§ **TASK OBJECTIVE**:
Report only how many lines in the material contain "also".

§ **RECORDED DATA**:

lemma rayleigh_iff_Delta_nonneg:
  assumes "m \<ge> 2"
  shows "rayleigh m (Zpoly m a) \<longleftrightarrow> Delta_nonneg a {3..m}"
proof
  assume ray: "rayleigh m (Zpoly m a)"
  show "Delta_nonneg a {3..m}"
    unfolding Delta_nonneg_def
  proof (intro allI impI)
    fix y :: "nat \<Rightarrow> real" assume y: "\<forall>c\<in>{3..m}. 0 < y c"
    define y' where "y' = y(1 := 1, 2 := 1)"
    have "\<forall>c\<in>{1..m}. 0 < y' c" unfolding y'_def using y by auto
    then have "0 \<le> DeltaZ (Zpoly m a) 1 2 y'" using ray assms unfolding rayleigh_def by auto
    also have "\<dots> = Delta_on a {3..m} y"
      unfolding DeltaZ_12_eq_Delta_on[OF assms] by (rule Delta_on_cong) (auto simp: y'_def)
    finally show "0 \<le> Delta_on a {3..m} y" .
  qed
next
  assume nonneg: "Delta_nonneg a {3..m}"
  show "rayleigh m (Zpoly m a)"
    unfolding rayleigh_def
  proof (intro ballI impI allI)
    fix i j :: nat and y :: "nat \<Rightarrow> real"
    assume ij: "i \<in> {1..m}" "j \<in> {1..m}" "i \<noteq> j" and y: "\<forall>c\<in>{1..m}. 0 < y c"
    have "card ({1..m} - {i, j}) = card {3..m}" using ij by (simp add: card_Diff_subset)
    then have "Delta_nonneg a ({1..m} - {i, j})"
      using Delta_nonneg_card_invariant[OF _ _ _ nonneg] by simp
    then show "0 \<le> DeltaZ (Zpoly m a) i j y"
      unfolding DeltaZ_eq_Delta_on[OF ij] Delta_nonneg_def using y by simp
  qed
qed

lemma nonneg_quadratic_on_pos_coeffs:
  fixes p0 p1 p2 :: real
  assumes "\<And>t. t > 0 \<Longrightarrow> 0 \<le> p0 + p1 * t + p2 * t\<^sup>2"
  shows "0 \<le> p0" and "0 \<le> p2"
proof -
  have const_nonneg: "0 \<le> q0" if q: "\<And>t. t > 0 \<Longrightarrow> 0 \<le> q0 + q1 * t + q2 * t\<^sup>2" for q0 q1 q2 :: real
  proof (rule tendsto_lowerbound)
    show "((\<lambda>t. q0 + q1 * t + q2 * t\<^sup>2) \<longlongrightarrow> q0) (at_right 0)"
      by (auto intro!: tendsto_eq_intros)
    show "\<forall>\<^sub>F t in at_right 0. 0 \<le> q0 + q1 * t + q2 * t\<^sup>2"
      using eventually_at_right_less[of 0] by eventually_elim (use q in auto)
  qed simp
  show "0 \<le> p0" using assms by (rule const_nonneg)
  show "0 \<le> p2"
  proof (rule const_nonneg)
    fix s :: real assume s: "s > 0"
    have "0 \<le> (p0 + p1 * (1/s) + p2 * (1/s)\<^sup>2) * s\<^sup>2" using assms[of "1/s"] s by simp
    also have "\<dots> = p2 + p1 * s + p0 * s\<^sup>2" using s by (simp add: field_simps power2_eq_square)
    finally show "0 \<le> p2 + p1 * s + p0 * s\<^sup>2" .
  qed
qed

lemma Delta_nonneg_remove:
  assumes "finite V" "x \<notin> V" "Delta_nonneg a (insert x V)"
  shows "Delta_nonneg a V" "Delta_nonneg (shift a) V"
proof -
  have "0 \<le> Delta_on a V y \<and> 0 \<le> Delta_on (shift a) V y" if y: "\<forall>c\<in>V. 0 < y c" for y
  proof -
    define q0 where "q0 = Z_on a V y"
    define q1 where "q1 = Z_on (shift a) V y"
    define q2 where "q2 = Z_on (shift (shift a)) V y"
    define q3 where "q3 = Z_on (shift (shift (shift a))) V y"
    have "0 \<le> (q1\<^sup>2 - q0 * q2) + (q1 * q2 - q0 * q3) * t + (q2\<^sup>2 - q1 * q3) * t\<^sup>2"
      if t: "t > 0" for t
    proof -
      have "\<forall>c\<in>insert x V. 0 < (y(x := t)) c" using y t assms(2) by auto
      then have "0 \<le> Delta_on a (insert x V) (y(x := t))"
        using assms(3) unfolding Delta_nonneg_def by blast
      also have "\<dots> = (q1 + t * q2)\<^sup>2 - (q0 + t * q1) * (q2 + t * q3)"
        unfolding Delta_on_def q0_def q1_def q2_def q3_def
        using assms(1,2) by (simp add: Z_on_insert)
      also have "\<dots> = (q1\<^sup>2 - q0 * q2) + (q1 * q2 - q0 * q3) * t + (q2\<^sup>2 - q1 * q3) * t\<^sup>2"
        by (simp add: power2_eq_square algebra_simps)
      finally show ?thesis .
    qed
    from nonneg_quadratic_on_pos_coeffs[OF this] show ?thesis
      unfolding Delta_on_def q0_def q1_def q2_def q3_def by simp
  qed
  then show "Delta_nonneg a V" "Delta_nonneg (shift a) V"
    unfolding Delta_nonneg_def by blast+
qed

lemma Delta_nonneg_shift_subset:
  assumes "finite V" "Delta_nonneg a V" "p + r \<le> card V"
  shows "\<exists>V'. finite V' \<and> card V' = r \<and> Delta_nonneg (\<lambda>k. a (k + p)) V'"
  using assms
proof (induction "card V" arbitrary: V a p)
  case 0
  then show ?case by (intro exI[of _ V]) simp
next
  case (Suc n)
  obtain x W where W: "V = insert x W" "x \<notin> W" "finite W" "card W = n"
    using card_Suc_eq_finite[THEN iffD1, OF Suc.hyps(2)[symmetric]] by blast
  have nonneg_W: "Delta_nonneg a W" "Delta_nonneg (shift a) W"
    using Delta_nonneg_remove[OF W(3,2)] Suc.prems W(1) by auto
  consider "p + r \<le> n" | "p = 0" "r = card V" | p' where "p = Suc p'" "p' + r \<le> n"
    using Suc.hyps(2) Suc.prems(3) by (cases p; cases "r \<le> n") auto
  then show ?case
  proof cases
    case 1
    then show ?thesis using Suc.hyps(1)[OF W(4)[symmetric] W(3) nonneg_W(1)] W(4) by blast
  next
    case 2
    then show ?thesis using Suc by (intro exI[of _ V]) simp
  next
    case 3
    then show ?thesis using Suc.hyps(1)[OF W(4)[symmetric] W(3) nonneg_W(2), of p'] W(4) by simp
  qed
qed
lemma Delta_nonneg_empty_iff: "Delta_nonneg b {} \<longleftrightarrow> b 0 * b 2 \<le> (b 1)\<^sup>2"
  unfolding Delta_nonneg_def Delta_on_def by (simp add: numeral_2_eq_2)

lemma Delta_nonneg_imp_log_concave:
  assumes "finite V" "card V + 2 = m" "Delta_nonneg a V"
  shows "log_concave m a"
  unfolding log_concave_def
proof (intro allI impI)
  fix k assume k: "0 < k \<and> k < m"
  then have "k - 1 + 0 \<le> card V" using assms(2) by linarith
  then obtain V' where "finite V'" "card V' = 0" "Delta_nonneg (\<lambda>j. a (j + (k - 1))) V'"
    using Delta_nonneg_shift_subset[OF assms(1,3)] by blast
  then have "Delta_nonneg (\<lambda>j. a (j + (k - 1))) {}" by simp
  then show "a (k - 1) * a (k + 1) \<le> (a k)\<^sup>2"
    unfolding Delta_nonneg_empty_iff using k by (simp add: numeral_2_eq_2)
qed

lemma Z_on_ones_single:
  assumes "finite V" "K \<subseteq> V" "\<And>I. I \<subseteq> V \<Longrightarrow> I \<noteq> K \<Longrightarrow> b (card I) = 0"
  shows "Z_on b V (\<lambda>_. 1) = b (card K)"
proof -
  have "Z_on b V (\<lambda>_. 1) = (\<Sum>I\<in>Pow V. if I = K then b (card K) else 0)"
    unfolding Z_on_def by (rule sum.cong) (use assms(3) in auto)
  also have "\<dots> = b (card K)" using assms(1,2) by simp
  finally show ?thesis .
qed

§ **COMPLETED EXERCISE**:
5